De quanto espaço em disco precisa uma VPS com Proxmox Backup Server?

Some o espaço efetivamente usado por cada guest e depois adicione a alteração diária de cada guest multiplicada pelo número de dias de retenção. Esse total é um limite superior, porque a compressão e a deduplicação trabalham a seu favor. Adicione cerca de um quinto para os índices e a margem de trabalho e arredonde para cima até obter um tamanho de volume que possa adquirir. Volte a verificar após duas semanas, comparando com o uso real na vista do datastore, porque uma estimativa feita antes do primeiro backup está sempre errada numa direção ou na outra.

Onde deve ser armazenada a chave de encriptação do backup?

Em qualquer lugar, desde que não esteja apenas no cluster que protege. O Proxmox VE mantém-na em /etc/pve/priv/storage/<storage>.enc, que é replicado para todos os nós e, portanto, é perdido juntamente com o cluster. Copie-a para fora no primeiro dia, imprima-a com proxmox-backup-client key paperkey e guarde essa cópia noutro edifício. Tenha também em conta que a chave participa no digest dos chunks.
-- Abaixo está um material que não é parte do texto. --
(* Let $d \ge 1$ and let $\beta = (\beta_1,\ldots,\beta_{d+1})$ be an optimal solution of the problem of minimizing $\beta_1\cdots\beta_d$ over all $(\beta_1,\dots,\beta_{d+1}) \in \mathbb{R}^{d+1}$ satisfying $\beta_1 \ge \cdots \ge \beta_{d+1} \ge 0$, $\beta_1+\cdots+\beta_{d+1}=1$, and, for every $t \in \{1,\dots,d\}$, $\prod_{i=1}^t (\beta_i - \beta_{d+1}) \le \sum_{j=t+1}^{d+1} (\beta_j - \beta_{d+1}) + (d+1)\beta_{d+1}$. Then there exists $\ell \in \{1,\dots,d\}$ such that (a) $\beta_1 \cdots \beta_d = f_\ell(\beta_{d+1})$, and (b) $\frac{1}{(d+1)(s_{\ell+1}-1)} \le \beta_{d+1} \le \frac{1}{(d+1)(s_\ell-1)}$.
   Context: The Sylvester sequence is defined by $s_1 := 2$ and $s_i := 1 + s_1 s_2 \cdots s_{i-1}$ for $i \ge 2$. For $\ell \in \{1,\dots,d\}$ and $\alpha\in\mathbb{R}$, $f_\ell(\alpha) := \Bigl(\prod_{i=1}^{\ell-1}\bigl(\tfrac{1}{s_i}+\alpha\bigr)\Bigr)\bigl(\tfrac{1}{s_\ell-1} - d\alpha\bigr)\alpha^{d-\ell}$ (the empty product being $1$). *)

theory Defs
  imports Complex_Main
begin

fun sylv_list :: "nat \<Rightarrow> nat list" where
  "sylv_list 0 = []"
| "sylv_list (Suc n) = sylv_list n @ [1 + prod_list (sylv_list n)]"

(* Sylvester sequence s_i for i >= 1 (s_1 = 2) *)
definition sylv :: "nat \<Rightarrow> nat" where
  "sylv i = sylv_list i ! (i - 1)"

definition fl :: "nat \<Rightarrow> nat \<Rightarrow> real \<Rightarrow> real" where
  "fl d l \<alpha> = (\<Prod>i=1..<l. 1 / real (sylv i) + \<alpha>)
       * (1 / (real (sylv l) - 1) - real d * \<alpha>) * \<alpha> ^ (d - l)"

definition feasible :: "nat \<Rightarrow> (nat \<Rightarrow> real) \<Rightarrow> bool" where
  "feasible d \<beta> \<longleftrightarrow>
     (\<forall>i\<in>{1..d}. \<beta> i \<ge> \<beta> (i + 1)) \<and> \<beta> (d + 1) \<ge> 0 \<and>
     (\<Sum>i=1..d+1. \<beta> i) = 1 \<and>
     (\<forall>t\<in>{1..d}. (\<Prod>i=1..t. \<beta> i - \<beta> (d + 1))
        \<le> (\<Sum>j=t+1..d+1. \<beta> j - \<beta> (d + 1)) + real (d + 1) * \<beta> (d + 1))"

definition optimal :: "nat \<Rightarrow> (nat \<Rightarrow> real) \<Rightarrow> bool" where
  "optimal d \<beta> \<longleftrightarrow> feasible d \<beta> \<and>
     (\<forall>\<gamma>. feasible d \<gamma> \<longrightarrow> (\<Prod>i=1..d. \<beta> i) \<le> (\<Prod>i=1..d. \<gamma> i))"

end

(*
  Put x_i = beta_i - beta_(d+1) and v = (d+1) beta_(d+1).  Feasibility then says that x is
  decreasing and nonnegative with sum 1 - v and that x_1...x_t + x_1 + ... + x_t <= 1 for all t.
  A majorization inequality (for decreasing positive a, if the partial sums of b dominate those
  of a and the totals agree, then prod b <= prod a) turns these constraints into the
  Egyptian-fraction bound x_1 + ... + x_t <= 1 - e_t, where e_t = 1/(s_1...s_t) is the gap left
  by 1/s_1 + ... + 1/s_t.  So e_d <= v, and v lies between consecutive gaps e_l <= v <= e_(l-1).
  The greedy point (1/s_1, ..., 1/s_(l-1), e_(l-1) - v, 0, ..., 0) is then feasible, its shifted
  product is f_l(beta_(d+1)), and its partial sums dominate those of x: optimality and
  majorization give the two inequalities between beta_1...beta_d and f_l(beta_(d+1)).
*)
theory Submission
  imports Defs
begin

lemma sylv_Suc_prod_list: "sylv (Suc n) = 1 + prod_list (sylv_list n)"
proof -
  have "length (sylv_list n) = n"
    by (induction n) auto
  then show ?thesis
    unfolding sylv_def by (simp add: nth_append)
qed

lemma sylv_Suc: "sylv (Suc n) = 1 + (\<Prod>i=1..n. sylv i)"
proof -
  have "prod_list (sylv_list n) = (\<Prod>i=1..n. sylv i)"
    by (induction n) (auto simp: sylv_Suc_prod_list)
  then show ?thesis
    by (simp add: sylv_Suc_prod_list)
qed

lemma prod_sylv_ge_1: "1 \<le> (\<Prod>i=1..n. sylv i)"
  by (induction n) (simp_all add: sylv_Suc)

lemma sylv_ge_2: "1 \<le> i \<Longrightarrow> 2 \<le> sylv i"
  using prod_sylv_ge_1 by (cases i) (auto simp: sylv_Suc)

lemma sylv_mono_Suc: "1 \<le> i \<Longrightarrow> sylv i \<le> sylv (Suc i)"
proof -
  assume "1 \<le> i"
  then have "sylv i \<le> (\<Prod>j=1..i. sylv j)"
    using prod_sylv_ge_1[of "i - 1"] by (cases i) (simp_all add: prod.cl_ivl_Suc)
  then show ?thesis
    by (simp add: sylv_Suc)
qed

lemma inverse_sylv_antimono: "1 \<le> i \<Longrightarrow> 1 / real (sylv (Suc i)) \<le> 1 / real (sylv i)"
  using sylv_mono_Suc[of i] sylv_ge_2[of i] by (simp add: frac_le)

definition sylv_gap :: "nat \<Rightarrow> real" where
  "sylv_gap n = (\<Prod>i=1..n. 1 / real (sylv i))"

lemma sylv_gap_0 [simp]: "sylv_gap 0 = 1"
  by (simp add: sylv_gap_def)

lemma sylv_gap_pos: "0 < sylv_gap n"
  unfolding sylv_gap_def using sylv_ge_2 by (intro prod_pos) fastforce

lemma real_sylv_Suc: "real (sylv (Suc n)) = 1 + 1 / sylv_gap n"
  by (simp add: sylv_Suc sylv_gap_def prod_dividef)

lemma sylv_gap_Suc: "sylv_gap (Suc n) = sylv_gap n / real (sylv (Suc n))"
  by (simp add: sylv_gap_def)

lemma sylv_gap_Suc_eq: "sylv_gap (Suc n) = sylv_gap n ^ 2 / (1 + sylv_gap n)"
  using sylv_gap_pos[of n] by (simp add: sylv_gap_Suc real_sylv_Suc field_simps power2_eq_square)

lemma inverse_sylv_Suc: "1 / real (sylv (Suc n)) = sylv_gap n - sylv_gap (Suc n)"
  using sylv_gap_pos[of n] by (simp add: sylv_gap_Suc real_sylv_Suc field_simps)

lemma sum_inverse_sylv: "(\<Sum>i=1..n. 1 / real (sylv i)) = 1 - sylv_gap n"
  by (induction n) (simp_all add: inverse_sylv_Suc)

lemma sylv_gap_antimono: "m \<le> n \<Longrightarrow> sylv_gap n \<le> sylv_gap m"
proof (rule lift_Suc_antimono_le)
  show "sylv_gap (Suc k) \<le> sylv_gap k" for k
    using inverse_sylv_Suc[of k] by (metis diff_ge_0_iff_ge divide_nonneg_nonneg of_nat_0_le_iff zero_le_one)
qed

lemma sylv_gap_bracket:
  assumes "1 \<le> d" and "sylv_gap d \<le> v" and "v \<le> 1"
  shows "\<exists>l\<in>{1..d}. sylv_gap l \<le> v \<and> v \<le> sylv_gap (l - 1)"
  using assms
proof (induction d rule: dec_induct)
  case base
  then show ?case by auto
next
  case (step k)
  then show ?case
    by (cases "sylv_gap k \<le> v") force+
qed

lemma inverse_sylv_minus_1: "1 / (real (sylv (Suc n)) - 1) = sylv_gap n"
  by (simp add: real_sylv_Suc)

lemma inverse_mult_sylv_minus_1:
  "1 \<le> l \<Longrightarrow> 1 / (c * (real (sylv l) - 1)) = sylv_gap (l - 1) / c"
  using inverse_sylv_minus_1[of "l - 1"] by (simp add: divide_divide_eq_left'[symmetric])

lemma sum_mult_le_last_mult_sum:
  fixes c \<delta> :: "nat \<Rightarrow> real"
  assumes "\<And>i. i \<in> {1..<n} \<Longrightarrow> c i \<le> c (Suc i)"
    and "\<And>k. k \<in> {1..<n} \<Longrightarrow> 0 \<le> (\<Sum>i=1..k. \<delta> i)"
  shows "(\<Sum>i=1..n. c i * \<delta> i) \<le> c n * (\<Sum>i=1..n. \<delta> i)"
  using assms
proof (induction n)
  case 0
  then show ?case by simp
next
  case (Suc n)
  have "(\<Sum>i=1..n. c i * \<delta> i) \<le> c n * (\<Sum>i=1..n. \<delta> i)"
    using Suc by auto
  also have "\<dots> \<le> c (Suc n) * (\<Sum>i=1..n. \<delta> i)"
    using Suc.prems by (cases "n = 0") (auto intro: mult_right_mono)
  finally show ?case
    by (simp add: algebra_simps)
qed

lemma prod_le_prod_if_partial_sums_le:
  fixes a b :: "nat \<Rightarrow> real"
  assumes decreasing: "\<And>i. i \<in> {1..<n} \<Longrightarrow> a (Suc i) \<le> a i"
    and a_pos: "\<And>i. i \<in> {1..n} \<Longrightarrow> 0 < a i"
    and b_nonneg: "\<And>i. i \<in> {1..n} \<Longrightarrow> 0 \<le> b i"
    and partial: "\<And>k. k \<in> {1..<n} \<Longrightarrow> (\<Sum>i=1..k. a i) \<le> (\<Sum>i=1..k. b i)"
    and total: "(\<Sum>i=1..n. b i) \<le> (\<Sum>i=1..n. a i)"
  shows "(\<Prod>i=1..n. b i) \<le> (\<Prod>i=1..n. a i)"
proof -
  \<comment> \<open>Write b_i = a_i (1 + u_i), use 1 + u <= exp u, and bound the sum of the u_i by Abel
    summation against the increasing weights 1/a_i.\<close>
  define u where "u i = 1 / a i * (b i - a i)" for i
  have "(\<Sum>i=1..n. u i) \<le> 1 / a n * (\<Sum>i=1..n. b i - a i)"
    unfolding u_def
  proof (rule sum_mult_le_last_mult_sum)
    show "1 / a i \<le> 1 / a (Suc i)" if "i \<in> {1..<n}" for i
      using that decreasing a_pos by (auto intro!: divide_left_mono)
    show "0 \<le> (\<Sum>i=1..k. b i - a i)" if "k \<in> {1..<n}" for k
      using that partial by (simp add: sum_subtractf)
  qed
  also have "\<dots> \<le> 0"
    using a_pos[of n] total by (cases "n = 0") (auto simp: sum_subtractf divide_nonpos_pos)
  finally have u_sum: "(\<Sum>i=1..n. u i) \<le> 0" .
  have prod_a_nonneg: "0 \<le> (\<Prod>i=1..n. a i)"
    by (intro prod_nonneg less_imp_le a_pos)
  have "b i = a i * (1 + u i)" if "i \<in> {1..n}" for i
    using a_pos[OF that] by (simp add: u_def field_simps)
  then have "(\<Prod>i=1..n. b i) = (\<Prod>i=1..n. a i) * (\<Prod>i=1..n. 1 + u i)"
    by (auto simp: prod.distrib[symmetric] intro!: prod.cong)
  also have "\<dots> \<le> (\<Prod>i=1..n. a i) * exp (\<Sum>i=1..n. u i)"
  proof (intro mult_left_mono)
    have "0 \<le> 1 + u i" if "i \<in> {1..n}" for i
      using a_pos[OF that] b_nonneg[OF that] by (simp add: u_def field_simps)
    then show "(\<Prod>i=1..n. 1 + u i) \<le> exp (\<Sum>i=1..n. u i)"
      by (auto simp: exp_sum intro!: prod_mono)
  qed (fact prod_a_nonneg)
  also have "\<dots> \<le> (\<Prod>i=1..n. a i)"
    using u_sum prod_a_nonneg by (simp add: mult_left_le)
  finally show ?thesis .
qed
Substituí-la mais tarde fará com que o backup seguinte carregue tudo novamente.

Preciso de um datastore por host Proxmox ou devo usar namespaces?

Use um datastore e um namespace por cada host ou cluster de origem. A deduplicação funciona dentro de um datastore, mas não entre datastores. Por isso, dividir por host armazena várias vezes as mesmas imagens base. Os namespaces mantêm os grupos de backup separados. Assim, dois hosts que tenham ambos um guest com o ID 100 não entram em conflito, e um caminho de controlo de acesso no formato /datastore/store1/pve-home limita o token de API de cada host ao seu próprio namespace.

Uma VPS pequena conseguirá acompanhar o ritmo como servidor de backup Proxmox?

Normalmente, sim, num homelab, porque o chunking e o hashing ocorrem no nó Proxmox VE, e não no servidor de backup. A VPS grava chunks e executa os dois jobs pesados: garbage collection e verificação. Atribua-lhe 4 GB de RAM e mantenha baixos os números de threads de verificação. Agende ambos os jobs fora da janela de backup. Se ainda demorarem muito mais do que o disco deveria precisar, meça o steal time antes de comprar um plano maior.